'Don't Get Mad, Get Even'
| DENVER
Revenge plays a leading role in this summer's movies: It haunts the dark halls of nightmare high schools in "187," accelerates the action in "Speed 2: Cruise Control," and drives a brilliant FBI agent to compromise his identity in "Face/Off."
Revenge has long been a stock motive for countless movie crimes. It rears its ugly head in a variety of guises in action-adventures, gangster pictures, westerns, history dramas, and comedies. Usually the vengeance seeker is the bad guy. But sometimes it's the hero himself (remember John Wayne in "The Searchers").
Lately, though, more protagonists than ever have been doing in their antagonist with hardly a squirm of conscience. The moral compass in these films is pointing to a different pole.
In "187," for example, a distinguished African-American teacher liquidates a murderous Chicano high school student who has threatened to kill a white teacher. Samuel Jackson gives another stunning performance as a tragic figure, a teacher who has lost "his spark, his passion, and his unguarded self" after a near-fatal stabbing, but who doesn't realize that he has also lost his moral compass.
Fear of injustice
The ethical confusion in this and other films seems to arise from an increasing fear in society that justice is hard to come by, that the guilty routinely go free, and that the innocent are routinely made to suffer - not only at the hands of the perpetrators, but also at the hands of the law.
News media crime reports tend to reinforce the idea that danger is all around, that the system does not work, and that the only way to protect yourself (or guarantee just retribution) is to pick up a gun and do it yourself.
And ever since the series of Charles Bronson's "Death Wish" revenge fantasies first appeared (1971-1994), fewer and fewer films now question the vigilante mind-set.
Meanwhile, the real triumphs of justice that happen every day are seldom celebrated. While many dedicated people work toward concrete solutions to problems such as domestic violence, the movie response to such violence is often less constructive. In "Dolores Claiborne" (1995), for example, the title character kills her brutal husband with his own vices.

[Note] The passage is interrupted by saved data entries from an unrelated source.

lemma in_Lp_integrable:
  assumes "in_Lp M p f" "1 \<le> p"
  shows "integrable M f"
proof -
  have [measurable]: "f \<in> borel_measurable M" using assms by (auto simp: in_Lp_def)
  have "\<bar>y\<bar> \<le> 1 + \<bar>y\<bar> powr p" for y :: real
  proof (cases "\<bar>y\<bar> \<le> 1")
    case False
    then have "\<bar>y\<bar> powr 1 \<le> \<bar>y\<bar> powr p" using assms by (intro powr_mono) auto
    then show ?thesis using False by simp
  qed (use powr_ge_zero[of "\<bar>y\<bar>" p] in linarith)
  moreover have "integrable M (\<lambda>x. 1 + \<bar>f x\<bar> powr p)"
    using assms by (auto simp: in_Lp_def)
  ultimately show ?thesis
    by (intro Bochner_Integration.integrable_bound[of _ "\<lambda>x. 1 + \<bar>f x\<bar> powr p" f] AE_I2) auto
qed

lemma abs_set_integral_le_Lp_norm:
  assumes S: "S \<in> sets M" and g: "in_Lp M p g" and p: "1 \<le> p"
  shows "\<bar>set_lebesgue_integral M S g\<bar> \<le> Lp_norm M p g"
proof -
  have [measurable]: "g \<in> borel_measurable M" "S \<in> sets M" using g S by (auto simp: in_Lp_def)
  let ?X = "\<lambda>x. indicator S x * g x"
  have iX: "integrable M ?X"
    using integrable_mult_indicator[OF S in_Lp_integrable[OF g p]] by simp
  have bound: "\<bar>?X x\<bar> powr p \<le> \<bar>g x\<bar> powr p" for x
    by (auto simp: indicator_def)
  have ig: "integrable M (\<lambda>x. \<bar>g x\<bar> powr p)" using g by (simp add: in_Lp_def)
  have iqX: "integrable M (\<lambda>x. \<bar>?X x\<bar> powr p)"
    by (rule Bochner_Integration.integrable_bound[OF ig]) (use bound in auto)
  have jensen: "\<bar>expectation ?X\<bar> powr p \<le> expectation (\<lambda>x. \<bar>?X x\<bar> powr p)"
    by (rule jensens_inequality[where I = UNIV and q = "\<lambda>x. \<bar>x\<bar> powr p"])
       (use iX iqX convex_on_abs_powr[OF p] in auto)
  have "(\<bar>expectation ?X\<bar> powr p) powr (1 / p) \<le> Lp_norm M p ?X"
    unfolding Lp_norm_def by (rule powr_mono2[OF _ _ jensen]) (use p in auto)
  also have "\<dots> \<le> Lp_norm M p g"
    using p iqX ig bound by (intro Lp_norm_mono) auto
  finally have "(\<bar>expectation ?X\<bar> powr p) powr (1 / p) \<le> Lp_norm M p g" .
  moreover have "(\<bar>expectation ?X\<bar> powr p) powr (1 / p) = \<bar>expectation ?X\<bar>"
    using p by (simp add: powr_powr)
  ultimately show ?thesis by (simp add: set_lebesgue_integral_def)
qed

end

section \<open>Uniform convexity of L_p\<close>

lemma reverse_Minkowski_powr:
  fixes F G :: "'a \<Rightarrow> real" and q :: real
  assumes q: "0 < q" "q \<le> 1"
    and nonneg: "\<And>x. 0 \<le> F x" "\<And>x. 0 \<le> G x"
    and iF: "integrable M (\<lambda>x. F x powr q)" and iG: "integrable M (\<lambda>x. G x powr q)"
    and iFG: "integrable M (\<lambda>x. (F x + G x) powr q)"
  shows "(\<integral>x. F x powr q \<partial>M) powr (1 / q) + (\<integral>x. G x powr q \<partial>M) powr (1 / q)
           \<le> (\<integral>x. (F x + G x) powr q \<partial>M) powr (1 / q)"
proof -
  define IF IG IFG where "IF = (\<integral>x. F x powr q \<partial>M)" and "IG = (\<integral>x. G x powr q \<partial>M)"
    and "IFG = (\<integral>x. (F x + G x) powr q \<partial>M)"
  have IF0: "0 \<le> IF" and IG0: "0 \<le> IG" unfolding IF_def IG_def by (auto intro!: integral_nonneg_AE)
  have "IF \<le> IFG" unfolding IF_def IFG_def
    by (rule integral_mono[OF iF iFG]) (use nonneg q in \<open>auto intro!: powr_mono2\<close>)
  have "IG \<le> IFG" unfolding IG_def IFG_def
    by (rule integral_mono[OF iG iFG]) (use nonneg q in \<open>auto intro!: powr_mono2\<close>)
  define a b where "a = IF powr (1 / q)" and "b = IG powr (1 / q)"
  have aq: "a powr q = IF" and bq: "b powr q = IG" using IF0 IG0 q by (simp_all add: a_def b_def powr_powr)
  have "a + b \<le> IFG powr (1 / q)"
  proof (cases "IF = 0 \<or> IG = 0")
    case True
    then show ?thesis
      using \<open>IF \<le> IFG\<close> \<open>IG \<le> IFG\<close> IF0 IG0 q by (auto simp: powr_mono2 a_def b_def)
  next
    case False
    then have "0 < a" "0 < b" using IF0 IG0 by (auto simp: a_def b_def)
    define S where "S = a + b"
    define t where "t = a / S"
    have S: "0 < S" using \<open>0 < a\<close> \<open>0 < b\<close> by (simp add: S_def)
    have t: "0 < t" "t < 1" using \<open>0 < a\<close> \<open>0 < b\<close> by (auto simp: t_def S_def field_simps)
    have aS: "a = t * S" and bS: "b = (1 - t) * S" using S by (auto simp: t_def S_def field_simps)
    have IF: "IF = t powr q * S powr q"
      unfolding aq[symmetric] aS using t S by (simp add: powr_mult)
    have IG: "IG = (1 - t) powr q * S powr q"
      unfolding bq[symmetric] bS using t S by (simp add: powr_mult)
    have t_powr: "t powr (1 - q) * t powr q = t" "(1 - t) powr (1 - q) * (1 - t) powr q = 1 - t"
      using t by (simp_all add: powr_add[symmetric])
    have "S powr q = t powr (1 - q) * IF + (1 - t) powr (1 - q) * IG"
      unfolding IF IG mult.assoc[symmetric] t_powr by (simp add: algebra_simps)
    also have "\<dots> = (\<integral>x. t powr (1 - q) * F x powr q + (1 - t) powr (1 - q) * G x powr q \<partial>M)"
      using iF iG by (simp add: IF_def IG_def)
    also have "\<dots> \<le> IFG"
      unfolding IFG_def
      by (rule integral_mono) (use iF iG iFG powr_add_ge_weighted[OF q t] nonneg in auto)
    finally have "(S powr q) powr (1 / q) \<le> IFG powr (1 / q)"
      using S q by (intro powr_mono2) auto
    then show ?thesis using S q by (simp add: powr_powr S_def)
  qed
  then show ?thesis by (simp add: a_def b_def IF_def IG_def IFG_def)
qed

In many films, the protagonists appear to have no recourse but violence. In "Eye for an Eye" (1996), for example, Sally Field's bereaved mother executes the man who murdered her daughter. While such a movie may be seen as a cry for justice, it also stirs up feelings of fear and encourages the viewer to cheer on the protagonist in the desire for vengeance.

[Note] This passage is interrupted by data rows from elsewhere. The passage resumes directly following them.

lemma differentiable_tanp:
  assumes "pd 1 f differentiable (at v)" "pd 2 f differentiable (at v)" "gdet f v \<noteq> 0"
    "X differentiable (at v)"
  shows "(\<lambda>w. tanp f w (X w)) differentiable (at v)"
  using assms unfolding tanp_def ginv_def sum_2 gmet_def gdet_def
  by (simp add: derivative_intros)

section \<open>Timelike patches\<close>

locale timelike_patch =
  fixes f :: "real^2 \<Rightarrow> real^4" and U :: "(real^2) set" and u :: "real^2"
  assumes open_U: "open U" and smooth: "smooth_on_param U f"
    and timelike: "timelike_param U f" and u_in_U: "u \<in> U"
begin

lemma differentiable_pds: "v \<in> U \<Longrightarrow> pds ks f differentiable (at v)"
  using smooth unfolding smooth_on_param_def by blast

lemma differentiable_f: "v \<in> U \<Longrightarrow> f differentiable (at v)"
  using differentiable_pds[of v "[]"] by simp

lemma differentiable_pd: "v \<in> U \<Longrightarrow> pd i f differentiable (at v)"
  using differentiable_pds[of v "[i]"] by simp

lemma differentiable_pd_pd: "v \<in> U \<Longrightarrow> pd i (pd j f) differentiable (at v)"
  using differentiable_pds[of v "[i, j]"] by simp

lemma differentiable_pd_pd_pd: "v \<in> U \<Longrightarrow> pd i (pd j (pd k f)) differentiable (at v)"
  using differentiable_pds[of v "[i, j, k]"] by simp

lemma gdet_nonzero: "v \<in> U \<Longrightarrow> gdet f v \<noteq> 0"
  using timelike unfolding timelike_param_def by force

lemma pd_pd_f_commute: "pd 1 (pd 2 f) u = pd 2 (pd 1 f) u"
  by (rule pd_pd_commute[OF open_U u_in_U])
    (auto intro: differentiable_f differentiable_pd differentiable_pd_pd u_in_U)

lemma pd_pd_pd_f_commute: "pd 1 (pd 2 (pd 2 f)) u = pd 2 (pd 1 (pd 2 f)) u"
  by (rule pd_pd_commute[OF open_U u_in_U])
    (auto intro: differentiable_pd differentiable_pd_pd differentiable_pd_pd_pd u_in_U)

abbreviation h :: "2 \<Rightarrow> 2 \<Rightarrow> real^4" where "h i j \<equiv> norp f u (pd i (pd j f) u)"

lemma h_commute: "h 2 1 = h 1 2"
  using pd_pd_f_commute by simp

lemma IIf_commute: "IIf f u X Y = IIf f u Y X"
  by (simp add: IIf_def sum_2 h_commute algebra_simps)

lemma IIf_eq_h:
  "IIf f u X Y = (tcoord f u X 1 * tcoord f u Y 1) *\<^sub>R h 1 1
    + (tcoord f u X 1 * tcoord f u Y 2 + tcoord f u X 2 * tcoord f u Y 1) *\<^sub>R h 1 2
    + (tcoord f u X 2 * tcoord f u Y 2) *\<^sub>R h 2 2"
  by (simp add: IIf_def sum_2 h_commute scaleR_add_left add_ac)

lemma mink_IIf_det:
  "mink (IIf f u X Y) (IIf f u X Y) - mink (IIf f u X X) (IIf f u Y Y)
    = (tcoord f u X 1 * tcoord f u Y 2 - tcoord f u X 2 * tcoord f u Y 1)^2
      * (mink (h 1 2) (h 1 2) - mink (h 1 1) (h 2 2))"
  unfolding IIf_eq_h
  by (simp add: mink_simps mink_commute[of "h 1 2" "h 1 1"] mink_commute[of "h 2 2" "h 1 1"]
      mink_commute[of "h 2 2" "h 1 2"] power2_eq_square algebra_simps)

Of course, when the vengeance seeker is the villain - like the Willem Dafoe bomber out to punish the company that first poisoned, then fired him in "Speed 2," or the angry students retaliating for imagined affronts in "187" - the nature of the passion is obvious.

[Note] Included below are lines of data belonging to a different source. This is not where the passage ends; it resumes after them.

lemma two_phase_bound_ge:
  fixes B \<kappa> :: real and N M :: nat
  assumes B: "B \<ge> 3 ^ 20" and \<kappa>: "\<kappa> \<ge> B / (2 * ln B)"
    and N: "real N \<ge> (B + 1) * ln B" and M: "\<bar>real M - 2 * B * ln (ln B)\<bar> \<le> 1"
  shows "1 / (2 * (ln B)\<^sup>2)
    \<le> (B / (B + 1)) ^ M - ((B - 1) / (B + 1)) ^ M * ((B / (B + 1)) ^ N * B + B / \<kappa>)"
proof -
  define L where "L = ln B"
  let ?q = "B / (B + 1)" and ?\<rho> = "(B - 1) / B"
  define \<beta> where "\<beta> = ?q ^ N * B + B / \<kappa>"
  have L: "20 \<le> L" "4 * L \<le> B" using ln_bounds_large[OF B] unfolding L_def by auto
  have B_pos: "B > 0" using B by simp
  have "?q ^ N \<le> exp (- real N * (1 / (B + 1)))"
    using one_minus_power_le_exp[of "1 / (B + 1)" N] B_pos by (simp add: field_simps)
  also have "\<dots> \<le> exp (- L)"
    using N B_pos unfolding L_def by (simp add: field_simps)
  also have "\<dots> = 1 / B" unfolding L_def using B_pos by (simp add: exp_minus')
  finally have qN: "?q ^ N * B \<le> 1" using B_pos by (simp add: field_simps)
  have \<kappa>_min_pos: "0 < B / (2 * L)" using B_pos L by simp
  moreover have \<kappa>_pos: "0 < \<kappa>" using \<kappa>_min_pos \<kappa> unfolding L_def by linarith
  ultimately have "0 < \<kappa> * (B / (2 * L))" by (simp only: mult_pos_pos)
  then have "B / \<kappa> \<le> B / (B / (2 * L))"
    using \<kappa> B_pos unfolding L_def by (intro divide_left_mono) auto
  then have "B / \<kappa> \<le> 2 * L" using B_pos L by simp
  then have \<beta>_bounds: "0 \<le> \<beta>" "\<beta> \<le> 1 + 2 * L"
    using qN \<kappa>_pos B_pos by (auto simp: \<beta>_def)
  have "?\<rho> ^ M \<le> exp (- real M * (1 / B))"
    using one_minus_power_le_exp[of "1 / B" M] B_pos L by (simp add: diff_divide_distrib)
  also have "\<dots> \<le> 3 / L\<^sup>2"
    using exp_near_inverse_square(2)[of B L "real M"] B L M unfolding L_def by simp
  finally have \<rho>M: "?\<rho> ^ M \<le> 3 / L\<^sup>2" .
  have qM: "99 / 100 / L\<^sup>2 \<le> ?q ^ M"
    using exp_near_inverse_square(1)[of B L "real M"] exp_le_ratio_power[OF B_pos, of M] B L M
    unfolding L_def by simp
  have "(B - 1) / (B + 1) = ?q * ?\<rho>" using B_pos by (simp add: divide_simps)
  then have r_split: "((B - 1) / (B + 1)) ^ M = ?q ^ M * ?\<rho> ^ M" by (simp only: power_mult_distrib)
  have "?\<rho> ^ M * \<beta> \<le> 3 / L\<^sup>2 * (1 + 2 * L)"
    using \<rho>M \<beta>_bounds B_pos by (intro mult_mono) auto
  also have "\<dots> = 3 / L\<^sup>2 + 6 / L" using L by (simp add: field_simps power2_eq_square)
  also have "\<dots> \<le> 3 / 20\<^sup>2 + 6 / 20"
    using L by (intro add_mono divide_left_mono power_mono) auto
  finally have "?\<rho> ^ M * \<beta> \<le> 2 / 5" by simp
  have "1 / (2 * (ln B)\<^sup>2) \<le> 99 / 100 / L\<^sup>2 * (3 / 5)"
    using L unfolding L_def by (simp add: divide_simps)
  also have "\<dots> \<le> ?q ^ M * (1 - ?\<rho> ^ M * \<beta>)"
    using qM \<open>?\<rho> ^ M * \<beta> \<le> 2 / 5\<close> B_pos by (intro mult_mono) auto
  also have "\<dots> = ?q ^ M - ((B - 1) / (B + 1)) ^ M * ((B / (B + 1)) ^ N * B + B / \<kappa>)"
    unfolding r_split \<beta>_def by (simp add: algebra_simps)
  finally show ?thesis .
qed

Revenge film of the moment
And the revenge-against-all-women planned by Chad and Howard in the controversial film "In the Company of Men" is despicable (see story, left). These two conscience-free victimizers plot to ensnare a particularly fragile woman with a rush of attention, and then cruelly dump her when she falls for one of them.
Comedies centered on revenge often point out how poor are its wages. Bette Midler, Diane Keaton, and Goldie Hawn may giggle wickedly over the misery they plan for their philandering ex-husbands in "The First Wives Club" (1996), but they eventually turn on one another. Then they wise up: Petty revenge hurts those who pursue it. But justice is another matter: They punish their husbands with less malice than wit.
No satisfaction
But in "Addicted to Love" (1997), Meg Ryan and Matthew Broderick spend most of the picture getting even with their ex-lovers. Eventually they see how wrong they are, but it's too late for the viewer: The nasty emotions left in the wake of the characters' spite overwhelm the comedy.
Tim Robbins learns more quickly the emptiness of revenge in "Nothing to Lose" - an offbeat, slightly sophomoric comedy that ends up embracing family values and interracial understanding.
These comedies at least question the satisfactions of revenge.
Because the impulse to revenge arises in the wake of injustice, it may be interpreted as a legitimate route to justice - and it's sometimes no small trick sorting this out.
Revenge fantasies can have a disturbing effect on viewers as they invite the vivid imagining of violent retaliation. Yet, as many of the most interesting characters come to realize, revenge is not sweet. And true justice leapfrogs revenge.